I think my plate is a little full, but darn it, I am excited.

8.11.2009

Blackberries and Peaches

This is what my freezer looks like. Those are my forty plus peaches that came in a box for $12.
This is my mom's blackberry jam.

This is a partially full blackberry bucket. It ended up being 3/4 full. It's a five gallon bucket.


This is me and James pimping our blackberries.

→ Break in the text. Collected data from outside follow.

(* A distribution $P^0\in L\cap\Delta^{n-1}_+$ is a minimal point of $L\cap\Delta^{n-1}_+$ with respect to the (global) Markov order $\succ_{P^*}$ (i.e. there is no $P^1\in L\cap\Delta^{n-1}_+$, $P^1\neq P^0$, with $P^0\succ_{P^*}P^1$) if and only if $\bigl(P^0+\mathbf{Q}(P^0,P^* )\bigr)\cap L=\{P^0\}$.
   Context: Fix $n\ge 2$ and a positive equilibrium distribution $P^*=(p^*_i)$, $p^*_i>0$, $\sum_i p^*_i=1$. Let $\Delta^{n-1}_+=\{P\in\mathbb{R}^n: p_i>0,\ \sum_i p_i=1\}$. A Markov chain with equilibrium $P^*$ is given by rate constants $q_{ij}\ge 0$ ($i\neq j$) satisfying $\sum_{j\ne i}q_{ij}p^*_j=\bigl(\sum_{j\ne i}q_{ji}\bigr)p^*_i$ for all $i$; its Kolmogorov equation is $\frac{dp_i}{dt}=\sum_{j\ne i}(q_{ij}p_j-q_{ji}p_i)$. Markov preorder: $P^0\succ^0_{P^*}P^1$ if for some Markov chain with equilibrium $P^*$ the solution of the Kolmogorov equation with $P(0)=P^0$ satisfies $P(1)=P^1$. The (global) Markov order $\succ_{P^*}$ is the closed transitive closure of $\succ^0_{P^*}$. For $i\neq j$ let $\gamma^{ji}$ be the vector with $\gamma^{ji}_j=-1$, $\gamma^{ji}_i=1$, other coordinates $0$; ${\rm cone}$ denotes non-negative linear combinations; ${\rm sign}$ is the three-valued sign function; $\mathbf{Q}(P,P^* )={\rm cone}\{\gamma^{ji}\,{\rm sign}(\tfrac{p_j}{p^*_j}-\tfrac{p_i}{p^*_i}) : 1\le j<i\le n\}$. The condition manifold is $L=\{P:\ \sum_j m_{rj}p_j=M_r,\ r=0,\dots,k\}$ with $m_{0j}=1$, $M_0=1$, and $L\cap\Delta^{n-1}_+\ne\emptyset$. *)

theory Defs
  imports "HOL-Analysis.Analysis"
begin
lemma smaller_cluster_deletion_set:
  assumes X: "cluster_deletion_set (cd_vertices m n) (cd_edges m n L) X"
    and i: "i \<in> {1..m}" and lit: "lit_var (L i r) \<in> {1..n}"
    and r: "distinct [r, r', r'']" "{r, r', r''} = {1..3}"
    and r_max: "card (side r' i - X) \<le> card (side r i - X)" "card (side r'' i - X) \<le> card (side r i - X)"
    and unresolved: "\<not> (side r i \<inter> X = {} \<and> side r' i \<subseteq> X \<and> side r'' i \<subseteq> X)"
  shows "\<exists>Y. cluster_deletion_set (cd_vertices m n) (cd_edges m n L) Y \<and> card Y < card X"
proof -
  define a where "a q = card (side q i - X)" for q
  define t where "t = card (lit_side (L i r) - X)"
  define R where "R = side r' i \<union> side r'' i \<union> lit_side (L i r)"
  have rs: "r \<in> {1..3}" "r' \<in> {1..3}" "r'' \<in> {1..3}" "r' \<noteq> r" "r'' \<noteq> r"
    using r by auto
  have finX: "finite X"
    using X finite_cd_vertices finite_subset unfolding cluster_deletion_set_def by blast
  have a_split: "card (X \<inter> side q i) + a q = 7" for q
    using card_Int_Diff[OF finite_side, of q i X] card_side unfolding a_def by (simp add: Int_commute)
  have a_0: "a q = 0 \<longleftrightarrow> side q i \<subseteq> X" for q
    using finite_side[of q i] unfolding a_def by auto
  have a_7: "a q = 7 \<longleftrightarrow> side q i \<inter> X = {}" for q
    using a_split[of q] finite_side[of q i] by (auto simp: Int_commute)
  have t_3: "t \<le> 3"
    using card_mono[OF finite_lit_side Diff_subset, of "L i r" X] by (simp add: t_def card_lit_side)
  have crowded: "a r' = 0" "a r'' = 0" "t = 0" if "2 \<le> a r"
  proof -
    have two: "2 \<le> card (side r i - X)"
      using that unfolding a_def .
    show "a r' = 0" "a r'' = 0"
      using side_survivors_delete_side[OF X i rs(1) _ _ two] rs a_0 by auto
    show "t = 0"
      using side_survivors_delete_lit_side[OF X i rs(1) lit two] by (simp add: t_def Diff_eq_empty_iff[THEN iffD2])
  qed
  have sparse: "a r = 0 \<or> t \<le> 1"
  proof (rule disjCI)
    assume "\<not> t \<le> 1"
    then have "2 \<le> card (lit_side (L i r) - X)"
      unfolding t_def by simp
    then show "a r = 0"
      using lit_side_survivors_delete_side[OF X i rs(1) lit] a_0 by blast
  qed
  have cheaper: "a r' + a r'' + t < card (X \<inter> side r i)"
  proof (cases "2 \<le> a r")
    case True
    then have "a r' = 0" "a r'' = 0" "t = 0"
      by (rule crowded)+
    moreover from this have "a r \<noteq> 7"
      using unresolved by (simp add: a_0 a_7)
    ultimately show ?thesis
      using a_split[of r] by linarith
  next
    case False
    then show ?thesis
      using sparse t_3 r_max[folded a_def] a_split[of r] by linarith
  qed
  have "card (R - X) \<le> card (side r' i - X \<union> (side r'' i - X)) + t"
    unfolding R_def Un_Diff t_def by (rule card_Un_le)
  also have "\<dots> \<le> a r' + a r'' + t"
    using card_Un_le[of "side r' i - X" "side r'' i - X"] unfolding a_def by simp
  finally have cost: "card (R - X) \<le> a r' + a r'' + t" .
  have exchange: "card (X - side r i \<union> R) + card (X \<inter> side r i) \<le> card X + card (R - X)"
  proof (rule card_Diff_Un_disjoint_le[OF finX])
    show "finite R"
      unfolding R_def using finite_side finite_lit_side by blast
    show "R \<inter> side r i = {}"
      unfolding R_def using side_disjoint[OF rs(4)] side_disjoint[OF rs(5)] side_lit_side_disjoint
      by blast
  qed
  show ?thesis
  proof (intro exI conjI)
    show "cluster_deletion_set (cd_vertices m n) (cd_edges m n L) (X - side r i \<union> R)"
      unfolding R_def using X i lit r(2) by (rule cluster_deletion_set_resolve_clause)
    show "card (X - side r i \<union> R) < card X"
      using exchange cost cheaper by linarith
  qed
qed

theorem lemma10:
  fixes m n :: nat and L :: "nat \<Rightarrow> nat \<Rightarrow> lit" and X :: "vtx set"
  assumes "\<forall>i\<in>{1..m}. \<forall>r\<in>{1..3}. lit_var (L i r) \<in> {1..n}"
    and "min_cluster_deletion_set (cd_vertices m n) (cd_edges m n L) X"
  shows "\<forall>i\<in>{1..m}. \<exists>r\<in>{1..3}. side r i \<inter> X = {}
           \<and> (\<forall>r'\<in>{1..3}. r' \<noteq> r \<longrightarrow> side r' i \<subseteq> X)"
proof (rule ccontr)
  assume "\<not> ?thesis"
  then obtain i where i: "i \<in> {1..m}"
    and unresolved: "\<not> (\<exists>r\<in>{1..3}. side r i \<inter> X = {} \<and> (\<forall>r'\<in>{1..3}. r' \<noteq> r \<longrightarrow> side r' i \<subseteq> X))"
    by blast
  obtain r r' r'' where r: "distinct [r, r', r'']" "{r, r', r''} = {1..3}"
    and r_max: "card (side r' i - X) \<le> card (side r i - X)" "card (side r'' i - X) \<le> card (side r i - X)"
    using ex_max_of_three[of "\<lambda>q. card (side q i - X)"] by blast
  have "r \<in> {1..3}" and "\<And>q. q \<in> {1..3} \<Longrightarrow> q \<noteq> r \<Longrightarrow> q = r' \<or> q = r''"
    using r(2) by blast+
  then have "\<not> (side r i \<inter> X = {} \<and> side r' i \<subseteq> X \<and> side r'' i \<subseteq> X)"
    using unresolved by blast
  moreover have "lit_var (L i r) \<in> {1..n}"
    using assms(1) i r(2) by blast
  moreover have X: "cluster_deletion_set (cd_vertices m n) (cd_edges m n L) X"
    using assms(2) unfolding min_cluster_deletion_set_def by blast
  ultimately obtain Y where "cluster_deletion_set (cd_vertices m n) (cd_edges m n L) Y" "card Y < card X"
    using smaller_cluster_deletion_set[OF X i _ r r_max] by blast
  with assms(2) show False
    unfolding min_cluster_deletion_set_def by (meson not_le)
qed

end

I really love summer fruits.




7.29.2009

Two Months

Today I braved the bureaucratic red tape and carted an enormous mound of paper to the Welfare Services office to apply for CalWorks, Medi-cal, and that dogrel food stamps.
I really hate being poor.
Because surprise, surprise, we do not qualify for cash aid or food stamps, but if the heavens align on the seventh Monday of the quarter slice moon, we might get Medi-cal. Provided we are standing in the proper toadstool arrangement.
No, we are not homeless. No, we are not quite destitute. But we are getting a bit desperate.
And funnily enough, I have been in this situation already.
I really hated it then too.
When it was just Abra and I and the gloriousness of the Marine Corps and their non-direct deposit, I found myself with my hat in my hand. And was denied then too, despite being paid below the federal poverty level to kill myself in some foreign country. Despite losing thirty pounds to non-eating so that she could. Despite praying that the five dollars I could afford for gas every two weeks would carry me to work so that I didn't get court-martialed. Rejection is a bitch.
So here I am in the exact position that I was before I got married or had three more children or moved to Wyoming or Hawaii or back again. That position that is middle class poor. I am officially too rich to have help and too poor to do it on my own. Especially when the job service here in town busts out the phone book to help Jeff find a job. Because, you know, we are retarded and never thought of that. Because we have never worked a computer, either.
Albert Einstein said, "Insanity is doing the same thing over and over again and expecting a different result." But I didn't do this. All I wanted was more time with my dying father. Not sure why that seems to be such a curse.
True, Jeff has never, in all the eight years that we have been married, spent this much time with our kids. I cannot exchange that nor would I. Most times I was worried that he would kill himself working. Like standing out in the 20 below snow in Wyoming with pnuemonia for a week. Or working seven days a week for two months. Or staying to work in Hawaii for a month while the kids and I were here. Why should anyone HAVE to do those things?
But apparently, we have to. Apparently, our work is not hard enough. Apparently, I learned nothing from my first go round with poverty so let's do it all over again. Can't wait to find out whether government cheese still makes the best grilled cheese sandwiches despite not being anything remotely resembling cheese. All I need is an iron and a paper bag. Then I really will be back again.
Alright, Tyler Durden, I am not my khakis. All I have is a refridgerator full of condiments because I could not afford the food or the ying-yang coffee table. Tell me, Tyler, what is the first rule of Fight Club? Maybe I should start my home business selling rich white women their own fat asses back.
If you've just tuned in, friends and neighbors, you met me at a vary interesting time in my life.